Pourquoi la loi CLARITY a-t-elle besoin de 60 voix au Sénat ?

La direction du Sénat a besoin de 60 voix pour adopter la loi CLARITY. La coalition républicaine est divisée, les sénateurs Josh Hawley et Rand Paul devant s’opposer au projet de loi. Le sénateur McConnell a manqué des votes en raison d’un problème médical en cours, et le décès du sénateur Lindsey Graham à 71 ans réduit encore davantage la majorité républicaine.
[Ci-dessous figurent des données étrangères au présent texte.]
lemma dot_one_add_vscale:
  "dot_one (u + vscale m w) (u + vscale m w) = dot_one u u + 2 * m * dot_one u w + m * m * dot_one w w"
  by (cases u; cases w) (simp add: vmap_def dot_one_def algebra_simps)

lemma dot_tau_add_vscale:
  "dot_tau (u + vscale m w) (u + vscale m w) = dot_tau u u + 2 * m * dot_tau u w + m * m * dot_tau w w"
  by (cases u; cases w) (simp add: vmap_def dot_tau_def algebra_simps)

lemma parity_class_add_vscale: "even m \<Longrightarrow> parity_class (u + vscale m w) \<longleftrightarrow> parity_class u"
  by (cases u; cases w) (auto simp: vmap_def parity_class_def)

text \<open>In \<open>\<int>[\<tau>]\<close>-coordinates, \<open>lift k\<close> is multiplication by the matrices
  \<open>M\<^sub>0 = [[-1, -\<tau>, -\<tau>'], [-\<tau>', -1, -\<tau>], [\<tau>, \<tau>', 1]]\<close>,
  \<open>M\<^sub>1 = D M\<^sub>0\<close>, \<open>M\<^sub>2 = E M\<^sub>0 E\<close>, \<open>M\<^sub>3 = D E M\<^sub>0 E\<close>
  with \<open>D = diag(1, -1, -1)\<close> and \<open>E = diag(1, 1, -1)\<close>; they satisfy \<open>M\<^sub>k\<^sup>T M\<^sub>k = 4\<close>,
  and \<open>lift_adj k\<close> is multiplication by the transposes. Every \<open>k \<ge> 3\<close> yields \<open>M\<^sub>3\<close>.\<close>
definition lift :: "nat \<Rightarrow> ivec6 \<Rightarrow> ivec6" where
  "lift k z = (case z of (a1, b1, a2, b2, a3, b3) \<Rightarrow>
    if k = 0 then ((-a1 - a3 - b2 + b3), (-a2 + a3 - b1 - b2), (-a1 - a2 + b1 - b3), (a1 - a3 - b2 - b3), (a2 + a3 + b1 - b2), (a1 - a2 + b1 + b3)) else
    if k = 1 then ((-a1 - a3 - b2 + b3), (-a2 + a3 - b1 - b2), (a1 + a2 - b1 + b3), (-a1 + a3 + b2 + b3), (-a2 - a3 - b1 + b2), (-a1 + a2 - b1 - b3)) else
    if k = 2 then ((-a1 + a3 - b2 - b3), (-a2 - a3 - b1 - b2), (-a1 - a2 + b1 + b3), (a1 + a3 - b2 + b3), (-a2 + a3 - b1 + b2), (-a1 + a2 - b1 + b3)) else
    ((-a1 + a3 - b2 - b3), (-a2 - a3 - b1 - b2), (a1 + a2 - b1 - b3), (-a1 - a3 + b2 - b3), (a2 - a3 + b1 - b2), (a1 - a2 + b1 - b3)))"

definition lift_adj :: "nat \<Rightarrow> ivec6 \<Rightarrow> ivec6" where
  "lift_adj k z = (case z of (a1, b1, a2, b2, a3, b3) \<Rightarrow>
    if k = 0 then ((-a1 - a2 + b2 + b3), (a2 + a3 - b1 + b3), (-a2 + a3 - b1 - b3), (-a1 - a3 - b1 - b2), (-a1 + a3 + b1 - b2), (a1 - a2 - b2 + b3)) else
    if k = 1 then ((-a1 + a2 - b2 - b3), (-a2 - a3 - b1 - b3), (a2 - a3 - b1 + b3), (-a1 + a3 - b1 + b2), (-a1 - a3 + b1 + b2), (a1 + a2 + b2 - b3)) else
    if k = 2 then ((-a1 - a2 + b2 - b3), (a2 - a3 - b1 - b3), (-a2 - a3 - b1 + b3), (-a1 + a3 - b1 - b2), (a1 + a3 - b1 + b2), (-a1 + a2 + b2 + b3)) else
    ((-a1 + a2 - b2 + b3), (-a2 + a3 - b1 + b3), (a2 + a3 - b1 - b3), (-a1 - a3 - b1 + b2), (a1 - a3 - b1 - b2), (-a1 - a2 - b2 - b3)))"

lemma less_4_cases: "k < (4 :: nat) \<Longrightarrow> k = 0 \<or> k = 1 \<or> k = 2 \<or> k = 3"
  by auto

lemma lift_adj_lift: "k < 4 \<Longrightarrow> lift_adj k (lift k z) = vscale 4 z"
  and lift_lift_adj: "k < 4 \<Longrightarrow> lift k (lift_adj k z) = vscale 4 z"
  and dot_one_lift: "k < 4 \<Longrightarrow> dot_one (lift k z) (lift k z) = 4 * dot_one z z"
  and dot_tau_lift: "k < 4 \<Longrightarrow> dot_tau (lift k z) (lift k z) = 4 * dot_tau z z"
  using less_4_cases[of k]
  by (cases z; auto simp: lift_def lift_adj_def vmap_def dot_one_def dot_tau_def algebra_simps)+

lemma lift_add: "lift k (u + w) = lift k u + lift k w"
  and lift_vscale: "lift k (vscale c w) = vscale c (lift k w)"
  and lift_adj_add: "lift_adj k (u + w) = lift_adj k u + lift_adj k w"
  and lift_adj_vscale: "lift_adj k (vscale c w) = vscale c (lift_adj k w)"
  by (cases u; cases w; simp add: lift_def lift_adj_def vmap_def algebra_simps)+

lemma parity_class_lift: "parity_class z \<Longrightarrow> parity_class (lift k z)"
  by (cases z) (auto simp: parity_class_def lift_def)

text \<open>The right-hand side evaluates each \<open>P k\<close> only once, which keeps the finite checks below fast.\<close>
lemma ex1_less_4_iff: "(\<exists>!k. k < (4 :: nat) \<and> P k) \<longleftrightarrow> count_list [P 0, P 1, P 2, P 3] True = 1"
  by (cases "P 0"; cases "P 1"; cases "P 2"; cases "P 3") (auto simp: less_Suc_eq numeral_eq_Suc)

text \<open>A finite check: the parity class leaves \<open>3 \<cdot> 2\<^sup>6 = 192\<close> residue vectors modulo 4.\<close>
lemma unique_lift_index_residue:
  fixes a1 b1 a2 b2 a3 b3 :: int
  defines "r \<equiv> (a1, b1, a2, b2, a3, b3)"
  assumes box: "a1 \<in> {0..3}" "b1 \<in> {0..3}" "a2 \<in> {0..3}" "b2 \<in> {0..3}" "a3 \<in> {0..3}" "b3 \<in> {0..3}"
    and "parity_class r" and norms: "8 dvd dot_one r r" "8 dvd dot_tau r r"
  shows "\<exists>!k. k < 4 \<and> vdvd 4 (lift_adj k r)"
proof -
  have odd_res: "x = 1 \<or> x = 3" if "x \<in> {0..3}" "odd x" for x :: int
    using that unfolding atLeastAtMost_iff by presburger
  have even_res: "x = 0 \<or> x = 2" if "x \<in> {0..3}" "even x" for x :: int
    using that unfolding atLeastAtMost_iff by presburger
  let ?P = "\<lambda>k. vdvd 4 (lift_adj k r)"
  from \<open>parity_class r\<close> consider
      "odd a1" "even b1" "odd a2" "odd b2" "even a3" "odd b3"
    | "odd a1" "odd b1" "even a2" "odd b2" "odd a3" "even b3"
    | "even a1" "odd b1" "odd a2" "even b2" "odd a3" "odd b3"
    unfolding r_def parity_class_def by auto
  then have "count_list [?P 0, ?P 1, ?P 2, ?P 3] True = 1"
  proof cases
    case 1
    then have "a1 = 1 \<or> a1 = 3" "b1 = 0 \<or> b1 = 2" "a2 = 1 \<or> a2 = 3" "b2 = 1 \<or> b2 = 3"
      "a3 = 0 \<or> a3 = 2" "b3 = 1 \<or> b3 = 3" using box odd_res even_res by simp_all
    then show ?thesis using norms unfolding r_def
      by (elim disjE) (simp_all add: lift_adj_def vdvd_def dot_one_def dot_tau_def)
  next
    case 2
    then have "a1 = 1 \<or> a1 = 3" "b1 = 1 \<or> b1 = 3" "a2 = 0 \<or> a2 = 2" "b2 = 1 \<or> b2 = 3"
      "a3 = 1 \<or> a3 = 3" "b3 = 0 \<or> b3 = 2" using box odd_res even_res by simp_all
    then show ?thesis using norms unfolding r_def
      by (elim disjE) (simp_all add: lift_adj_def vdvd_def dot_one_def dot_tau_def)
  next
    case 3
    then have "a1 = 0 \<or> a1 = 2" "b1 = 1 \<or> b1 = 3" "a2 = 1 \<or> a2 = 3" "b2 = 0 \<or> b2 = 2"
      "a3 = 1 \<or> a3 = 3" "b3 = 1 \<or> b3 = 3" using box odd_res even_res by simp_all
    then show ?thesis using norms unfolding r_def
      by (elim disjE) (simp_all add: lift_adj_def vdvd_def dot_one_def dot_tau_def)
  qed
  then show ?thesis unfolding ex1_less_4_iff .
qed

lemma parity_class_descent_residue:
  fixes a1 b1 a2 b2 a3 b3 :: int
  defines "r \<equiv> (a1, b1, a2, b2, a3, b3)"
  assumes box: "a1 \<in> {0, 1}" "b1 \<in> {0, 1}" "a2 \<in> {0, 1}" "b2 \<in> {0, 1}" "a3 \<in> {0, 1}" "b3 \<in> {0, 1}"
    and norms: "4 dvd dot_one r r" "4 dvd dot_tau r r" and "k < 4" and lifted: "parity_class (lift k r)"
  shows "parity_class r"
proof -
  have "a1 = 0 \<or> a1 = 1" "b1 = 0 \<or> b1 = 1" "a2 = 0 \<or> a2 = 1"
    "b2 = 0 \<or> b2 = 1" "a3 = 0 \<or> a3 = 1" "b3 = 0 \<or> b3 = 1"
    using box by simp_all
  then show ?thesis using less_4_cases[OF \<open>k < 4\<close>] norms lifted unfolding r_def
    by (elim disjE) (simp_all add: lift_def parity_class_def dot_one_def dot_tau_def)
qed

lemma unique_lift_index:
  assumes "parity_class y" and "8 dvd dot_one y y" and "8 dvd dot_tau y y"
  shows "\<exists>!k. k < 4 \<and> vdvd 4 (lift_adj k y)"
proof -
  define r where "r = vmap (\<lambda>x. x mod 4) y"
  define q where "q = vmap (\<lambda>x. x div 4) y"
  have y: "y = r + vscale 4 q" unfolding r_def q_def by (rule vmod_add_vdiv[symmetric])
  have "parity_class r" using assms(1) parity_class_add_vscale[of 4 r q] y by simp
  moreover have "8 dvd dot_one r r" "8 dvd dot_tau r r"
    using assms(2,3) unfolding y dot_one_add_vscale dot_tau_add_vscale
    by (simp_all add: dvd_add_left_iff)
  moreover have "vdvd 4 (lift_adj k y) \<longleftrightarrow> vdvd 4 (lift_adj k r)" for k
    unfolding y lift_adj_add lift_adj_vscale vdvd_add_vscale_iff ..
  moreover obtain a1 b1 a2 b2 a3 b3 where "r = (a1, b1, a2, b2, a3, b3)"
    and "a1 \<in> {0..3}" "b1 \<in> {0..3}" "a2 \<in> {0..3}" "b2 \<in> {0..3}" "a3 \<in> {0..3}" "b3 \<in> {0..3}"
    unfolding r_def by (cases y) (simp add: vmap_def)
  ultimately show ?thesis using unique_lift_index_residue by simp
qed

lemma parity_class_descent:
  assumes "4 dvd dot_one z z" and "4 dvd dot_tau z z" and "k < 4" and "parity_class (lift k z)"
  shows "parity_class z"
proof -
  define r where "r = vmap (\<lambda>x. x mod 2) z"
  define q where "q = vmap (\<lambda>x. x div 2) z"
  have z: "z = r + vscale 2 q" unfolding r_def q_def by (rule vmod_add_vdiv[symmetric])
  have "4 dvd dot_one r r" "4 dvd dot_tau r r"
    using assms(1,2) unfolding z dot_one_add_vscale dot_tau_add_vscale
    by (simp_all add: dvd_add_left_iff)
  moreover have "parity_class (lift k r)"
    using assms(4) parity_class_add_vscale[of 2 "lift k r" "lift k q"]
    unfolding z lift_add lift_vscale by simp
  moreover obtain a1 b1 a2 b2 a3 b3 where "r = (a1, b1, a2, b2, a3, b3)"
    and "a1 \<in> {0, 1}" "b1 \<in> {0, 1}" "a2 \<in> {0, 1}" "b2 \<in> {0, 1}" "a3 \<in> {0, 1}" "b3 \<in> {0, 1}"
    unfolding r_def by (cases z) (simp add: vmap_def mod2_eq_if)
  ultimately have "parity_class r" using parity_class_descent_residue assms(3) by simp
  then show ?thesis using parity_class_add_vscale[of 2 r q] z by simp
qed

lemma unique_lift_index_lattice_pts:
  assumes "1 \<le> n" and "y \<in> lattice_pts (Suc n)"
  shows "\<exists>!k. k < 4 \<and> vdvd 4 (lift_adj k y)"
proof (rule unique_lift_index)
  obtain m where "n = Suc m" using assms(1) by (cases n) auto
  then have "dot_one y y = 8 * (2 * 4 ^ m)" using assms(2) by (simp add: lattice_pts_def)
  then show "8 dvd dot_one y y" by simp
qed (use assms(2) in \<open>simp_all add: lattice_pts_def\<close>)

lemma lattice_pts_Suc:
  assumes "1 \<le> n"
  shows "lattice_pts (Suc n) = (\<Union>k<4. lift k ` lattice_pts n)"
proof (intro equalityI subsetI)
  fix y assume y: "y \<in> lattice_pts (Suc n)"
  then obtain k where k: "k < 4" "vdvd 4 (lift_adj k y)"
    using unique_lift_index_lattice_pts[OF assms] by blast
  define z where "z = vmap (\<lambda>x. x div 4) (lift_adj k y)"
  have "vscale 4 (lift k z) = vscale 4 y"
    unfolding lift_vscale[symmetric] z_def vscale_vdiv[OF k(2)] lift_lift_adj[OF k(1)] ..
  then have yz: "lift k z = y" by (simp add: vscale_eq_iff)
  have "4 * dot_one z z = 4 * 4 ^ n" "4 * dot_tau z z = 4 * 0"
    using y unfolding yz[symmetric] lattice_pts_def by (simp_all add: dot_one_lift dot_tau_lift k(1))
  then have norms: "dot_one z z = 4 ^ n" "dot_tau z z = 0" by simp_all
  have "parity_class z"
  proof (rule parity_class_descent[OF _ _ k(1)])
    show "4 dvd dot_one z z" unfolding norms using assms by (simp add: dvd_power)
    show "parity_class (lift k z)" using y unfolding yz by (simp add: lattice_pts_def)
  qed (simp add: norms)
  with norms yz k(1) show "y \<in> (\<Union>k<4. lift k ` lattice_pts n)" by (auto simp: lattice_pts_def)
qed (auto simp: lattice_pts_def dot_one_lift dot_tau_lift parity_class_lift)

lemma lift_images_disjoint:
  assumes "1 \<le> n" and "i < 4" and "j < 4" and "i \<noteq> j"
  shows "lift i ` lattice_pts n \<inter> lift j ` lattice_pts n = {}"
proof (rule equals0I)
  fix y assume "y \<in> lift i ` lattice_pts n \<inter> lift j ` lattice_pts n"
  then obtain z z' where z: "z \<in> lattice_pts n" "y = lift i z" and z': "y = lift j z'" by blast
  have "y \<in> lattice_pts (Suc n)" using lattice_pts_Suc[OF assms(1)] z assms(2) by blast
  moreover have "vdvd 4 (lift_adj i y)" using z(2) assms(2) by (simp add: lift_adj_lift vdvd_vscale)
  moreover have "vdvd 4 (lift_adj j y)" using z' assms(3) by (simp add: lift_adj_lift vdvd_vscale)
  ultimately have "i = j" using unique_lift_index_lattice_pts[OF assms(1)] assms(2,3) by blast
  with assms(4) show False ..
qed

lemma card_lattice_pts_Suc:
  assumes "1 \<le> n"
  shows "card (lattice_pts (Suc n)) = 4 * card (lattice_pts n)"
proof -
  have inj: "inj_on (lift k) (lattice_pts n)" if "k < 4" for k
  proof (rule inj_onI)
    fix z z' assume "lift k z = lift k z'"
    then have "vscale 4 z = vscale 4 z'" by (metis lift_adj_lift[OF that])
    then show "z = z'" by (simp add: vscale_eq_iff)
  qed
  have "card (\<Union>k<4. lift k ` lattice_pts n) = (\<Sum>k<4. card (lift k ` lattice_pts n))"
    by (intro card_UN_disjoint) (simp_all add: finite_lattice_pts lift_images_disjoint[OF assms])
  also have "\<dots> = (\<Sum>k<(4::nat). card (lattice_pts n))"
    by (rule sum.cong) (simp_all add: card_image inj)
  finally show ?thesis unfolding lattice_pts_Suc[OF assms] by simp
qed

lemma card_lattice_pts: "1 \<le> n \<Longrightarrow> card (lattice_pts n) = 6 * 4 ^ n"
proof (induction n rule: dec_induct)
  case base
  show ?case unfolding card_lattice_pts_1 by simp
next
  case (step m)
  then show ?case by (simp add: card_lattice_pts_Suc)
qed

theorem mainTheorem9:
  fixes n :: nat
  assumes "n \<ge> 1"
  shows "card (S3 n) = 3 * 2 ^ (2 * n + 1) \<and> card (S3' n) = 3 * 2 ^ (2 * n + 1)"
proof -
  have "(3 :: nat) * 2 ^ (2 * n + 1) = 6 * 4 ^ n" by (simp add: power_mult power_add)
  then show ?thesis
    using card_S3_eq card_S3'_eq card_lattice_pts' card_lattice_pts[OF assms] by simp
qed
lemma isomorphic_corolla_single_vertex:
  assumes "wf_tree V" and "2 \<le> n" and "isomorphic Omega V (corolla n)"
  obtains r J where "verts V = {(r, J)}" "r \<notin> J" "card J = n"
proof -
  obtain F G where F: "omega_map V (corolla n) F" and G: "omega_map (corolla n) V G"
    and GF: "\<And>x. x \<in> edges V \<Longrightarrow> G (F x) = x"
    and FG: "\<And>y. y \<in> {0..n} \<Longrightarrow> F (G y) = y"
    using assms(3) by (rule Omega_isomorphicE) (auto simp: corolla_def)
  define r where "r = G 0"
  define J where "J = G ` {1..n}"
  have inj: "inj_on G {0..n}"
    by (metis FG inj_onI)
  then have "r \<notin> J"
    unfolding r_def J_def by (fastforce dest: inj_onD)
  have "card J = n"
    unfolding J_def using inj by (simp add: card_image inj_on_subset)
  have "tree_op V J r"
    using G unfolding omega_map_def J_def r_def corolla_def by auto
  have "verts V \<subseteq> {(r, J)}"
  proof
    fix p assume "p \<in> verts V"
    then obtain v I where p: "p = (v, I)" "(v, I) \<in> verts V"
      by (cases p) auto
    then have vI: "v \<in> edges V" "I \<subseteq> edges V" "v \<notin> I"
      using assms(1) unfolding wf_tree_def by auto
    have "tree_op (corolla n) (F ` I) (F v)"
      using F p unfolding omega_map_def by auto
    then have "F ` I = {F v} \<or> (F v = 0 \<and> F ` I = {1..n})"
      using tree_op_single_vertex[of "corolla n" 0 "{1..n}"] by (auto simp: corolla_def)
    moreover have "F ` I \<noteq> {F v}"
      using GF vI by (metis image_iff insertI1 subsetD)
    ultimately have "F v = 0" "F ` I = {1..n}"
      by auto
    have "v = r"
      using GF[of v] vI \<open>F v = 0\<close> unfolding r_def by simp
    moreover have "I = J"
    proof -
      have "G ` F ` I = I"
        using GF vI by (force simp: image_image)
      then show ?thesis
        unfolding J_def using \<open>F ` I = {1..n}\<close> by simp
    qed
    ultimately show "p \<in> {(r, J)}"
      using p by simp
  qed
  moreover have "J \<noteq> {r}"
    using \<open>r \<notin> J\<close> \<open>card J = n\<close> assms(2) by auto
  ultimately have "verts V = {(r, J)}"
    using tree_op_single_vertex[OF _ \<open>r \<notin> J\<close> \<open>tree_op V J r\<close>] by auto
  then show thesis
    using that \<open>r \<notin> J\<close> \<open>card J = n\<close> by blast
qed

lemma omega_map_single_vertex_card_eq:
  assumes "omega_map V U k" "verts V = {(r, J)}" "verts U = {(r', J')}" "r' \<notin> J'"
    and "2 \<le> card J"
  shows "card J' = card J"
proof -
  have "inj_on k J" "tree_op U (k ` J) (k r)"
    using assms(1,2) unfolding omega_map_def by auto
  then have "card (k ` J) = card J"
    by (simp add: card_image)
  moreover have "k ` J = {k r} \<or> k ` J = J'"
    using tree_op_single_vertex[of U r' J'] assms(3,4) \<open>tree_op U (k ` J) (k r)\<close> by blast
  ultimately show ?thesis
    using assms(5) by auto
qed

lemma no_Omega_Hom_between_corollas:
  assumes "2 \<le> m" "2 \<le> n" "m \<noteq> n"
    and "isomorphic Omega X (corolla m)" "isomorphic Omega Y (corolla n)"
  shows "Hom Omega X Y = {}"
proof (rule ccontr)
  assume "Hom Omega X Y \<noteq> {}"
  then obtain k where "wf_tree X" "wf_tree Y" "omega_map X Y k"
    by (auto simp: Omega_Hom_iff)
  obtain r J where "verts X = {(r, J)}" "card J = m"
    using isomorphic_corolla_single_vertex \<open>wf_tree X\<close> assms(1,4) by metis
  moreover obtain r' J' where "verts Y = {(r', J')}" "r' \<notin> J'" "card J' = n"
    using isomorphic_corolla_single_vertex \<open>wf_tree Y\<close> assms(2,5) by metis
  ultimately show False
    using omega_map_single_vertex_card_eq[OF \<open>omega_map X Y k\<close>] assms(1,3) by metis
qed

theorem proposition5p6:
  fixes C :: "('o, 'm) cat" and Fo :: "'o \<Rightarrow> dtree" and Fm :: "'m \<Rightarrow> omega_mor"
  shows "\<not> quasi_groebner_via C Omega Fo Fm"
proof
  assume qg: "quasi_groebner_via C Omega Fo Fm"
  obtain a b X Y where "a < b" "isomorphic Omega X (corolla (a + 2))"
    "isomorphic Omega Y (corolla (b + 2))" "Hom Omega X Y \<noteq> {}"
  proof (rule quasi_groebner_via_weakly_initial[OF qg Omega_Hom_codomain])
    show "unit_tree \<in> Obj Omega" "\<And>n. corolla (n + 2) \<in> Obj Omega"
      by (simp_all add: Omega_def wf_tree_unit_tree wf_tree_corolla)
    show "Hom Omega unit_tree T \<noteq> {}" if "T \<in> Obj Omega" for T
    proof -
      have "wf_tree T"
        using that by (simp add: Omega_def)
      then show ?thesis
        using Omega_Hom_from_unit_tree by blast
    qed
  qed
  then show False
    using no_Omega_Hom_between_corollas[of "a + 2" "b + 2" X Y] by simp
qed

end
L’analyste de Galaxy Digital Alex Thorn estime que la direction pourrait avoir besoin jusqu’à neuf “crossovers” démocrates pour atteindre le seuil.

Quels sont les quatre points bloquants qui retardent le vote en séance de la loi CLARITY ?

Quatre sujets retardent le vote en séance : (1) la sénatrice Elizabeth Warren et la sénatrice Kirsten Gillibrand exigent un langage éthique opposable couvrant les participations crypto des responsables ; (2) la National District Attorneys Association affirme que la section 604 entraverait les enquêtes criminelles, et les sénateurs Mark Warner et Catherine Cortez Masto ont lié leurs votes à l’approbation des forces de l’ordre ; (3) des associations du secteur bancaire soutiennent que le projet de loi crée une échappatoire de rendement des stablecoins ; (4) la CFTC a un commissaire et la SEC deux postes vacants, et la sénatrice Amy Klobuchar a proposé de bloquer le cadre jusqu’à ce qu’au moins quatre commissaires CFTC soient confirmés.